В. Непомнящий показывает, как в структуре пушкинских вещей сквозит сказка. Это так, хотя едва ли дело в«изучении зрелым мастером» того, что позднее было названо поэтикой и морфологией сказки. До сказки уже был сказ языка с его широкой правдой. Прежде чудесных перипетий сказки, заранее вмещая их, расположилась «структура» самого по себе слова как славы. Поэтому «миф и слух» для Пушкина были«более реальны чем твердый и статичный факт» (435): само слово – исконный сказ и сюжет сюжетов. Сорвавшись с кончика языка, оно свободно говорит о вольном мире чуть раньше приговора судьбы.«Представь себе ее [судьбу] огромной обезьяной, которой дана полная воля. Кто посадит ее на цепь? не ты, не я, никто» (из письма Пушкина к Вяземскому). Непомнящий не поясняет загадочный контрапункт к этому месту из набросков Пушкина о народной драме: «Драматический поэт, беспристрастный как судьба…» Поэт подвластен судьбе и он же в конце концов опережает ее в своем «пламенном бесстрастии», берет ее в светлый круг слова. Зачем? чтобы дублировать ее? не нравственнее ли было бы негодовать и возмущаться? Спрашивающие так не задумываются над тем, что прежде чем стать нравственным человек должен был увидеть себя свободным.

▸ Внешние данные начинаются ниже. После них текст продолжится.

lemma osculating_mate_normal_eq_binormal:
  assumes "open I" and "is_interval I"
    and F: "frenet_frame I \<alpha> T N B \<kappa> \<tau>" and Fb: "frenet_frame I \<beta> Tb Nb Bb kb tb"
    and "osculating_mate I T N \<beta>"
  obtains c where "\<bar>c\<bar> = 1" and "\<And>s. s \<in> I \<Longrightarrow> Nb s = c *\<^sub>R B s"
proof -
  have mate: "\<forall>s\<in>I.
      vector_derivative (\<lambda>r. vector_derivative \<beta> (at r)) (at s) \<bullet> T s = 0 \<and>
      vector_derivative (\<lambda>r. vector_derivative \<beta> (at r)) (at s) \<bullet> N s = 0"
    using assms(5) unfolding osculating_mate_def by blast
  have orth: "Nb s \<bullet> T s = 0 \<and> Nb s \<bullet> N s = 0" if s: "s \<in> I" for s
  proof -
    have "(kb s *\<^sub>R Nb s) \<bullet> T s = 0 \<and> (kb s *\<^sub>R Nb s) \<bullet> N s = 0"
      using bspec[OF mate s] unfolding frenet_frame_second_derivative[OF Fb assms(1) s] .
    then show ?thesis
      using frenet_frameD(9)[OF Fb s] by simp
  qed
  have Nb_eq: "Nb s = (Nb s \<bullet> B s) *\<^sub>R B s" and sign: "Nb s \<bullet> B s \<in> {-1, 1}" if s: "s \<in> I" for s
    using unit_orthogonal_to_orthonormal_pair[of "T s" "N s" "Nb s"] orth[OF s]
      frenet_frameD(5-8)[OF F s] frenet_frameD(6)[OF Fb s] by simp_all
  have "continuous_on I (\<lambda>s. Nb s \<bullet> B s)"
    using frenet_frame_continuous_on(1)[OF Fb] frenet_frame_continuous_on(2)[OF F]
    by (rule continuous_on_inner)
  moreover have "(\<lambda>s. Nb s \<bullet> B s) ` I \<subseteq> {-1, 1}"
    using sign by blast
  ultimately obtain c where "\<bar>c\<bar> = 1" and "\<And>s. s \<in> I \<Longrightarrow> Nb s \<bullet> B s = c"
    by (rule connected_continuous_on_sign_constant[OF is_interval_connected[OF assms(2)]]) blast
  with Nb_eq that show ?thesis
    by metis
qed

Важным наблюдениям о вольности поэтического слова, оно «пространство между небом и землей», противоречит желание исследователя искать в пушкинских текстах чуть ли не нравственные предписания. Конечно, ничто не мешает прочесть пушкинский роман в стихах как «систему ценностей» и выявить в нем«иерархию нравственных истин». Однако поиски зашифрованной в поэзии морали неизбежно разбиваются о хлесткое – наотмашь – замечание Пушкина к словам П. А. Вяземского о том, что Вольтер не был ни гонителем добродетели, ни льстецом порока: «Господи Суси! какое дело поэту до добродетели и порока? разве их одна поэтическая сторона». Или совсем просто: «Подите прочь – какое дело поэту мирному (!) до вас».
Хорошо, что продолжающаяся книга Непомнящего не претендует на окончательность. В ней запасены впрок умолчания и вопросы. Дело явно не в том чтобы окончательно исчерпать пересчет смысловых возможностей, предложенных пушкинским текстом. Можно конечно согласиться с тем, что нравственная редукция, выявляя например в печальном конце Додона наказание за нанесенные смолоду обиды соседям, а в ворчании Онегина на своего дядю подброшенный автором с самого начала ключ к пониманию мертвенного бездушия своего героя, удовлетворяет в наше скудное время тоске по нравственности. Непомнящего должно было бы насторожить однако то, с какой легкостью при каждом новом морализирующем толковании концы почти сразу сходятся с концами.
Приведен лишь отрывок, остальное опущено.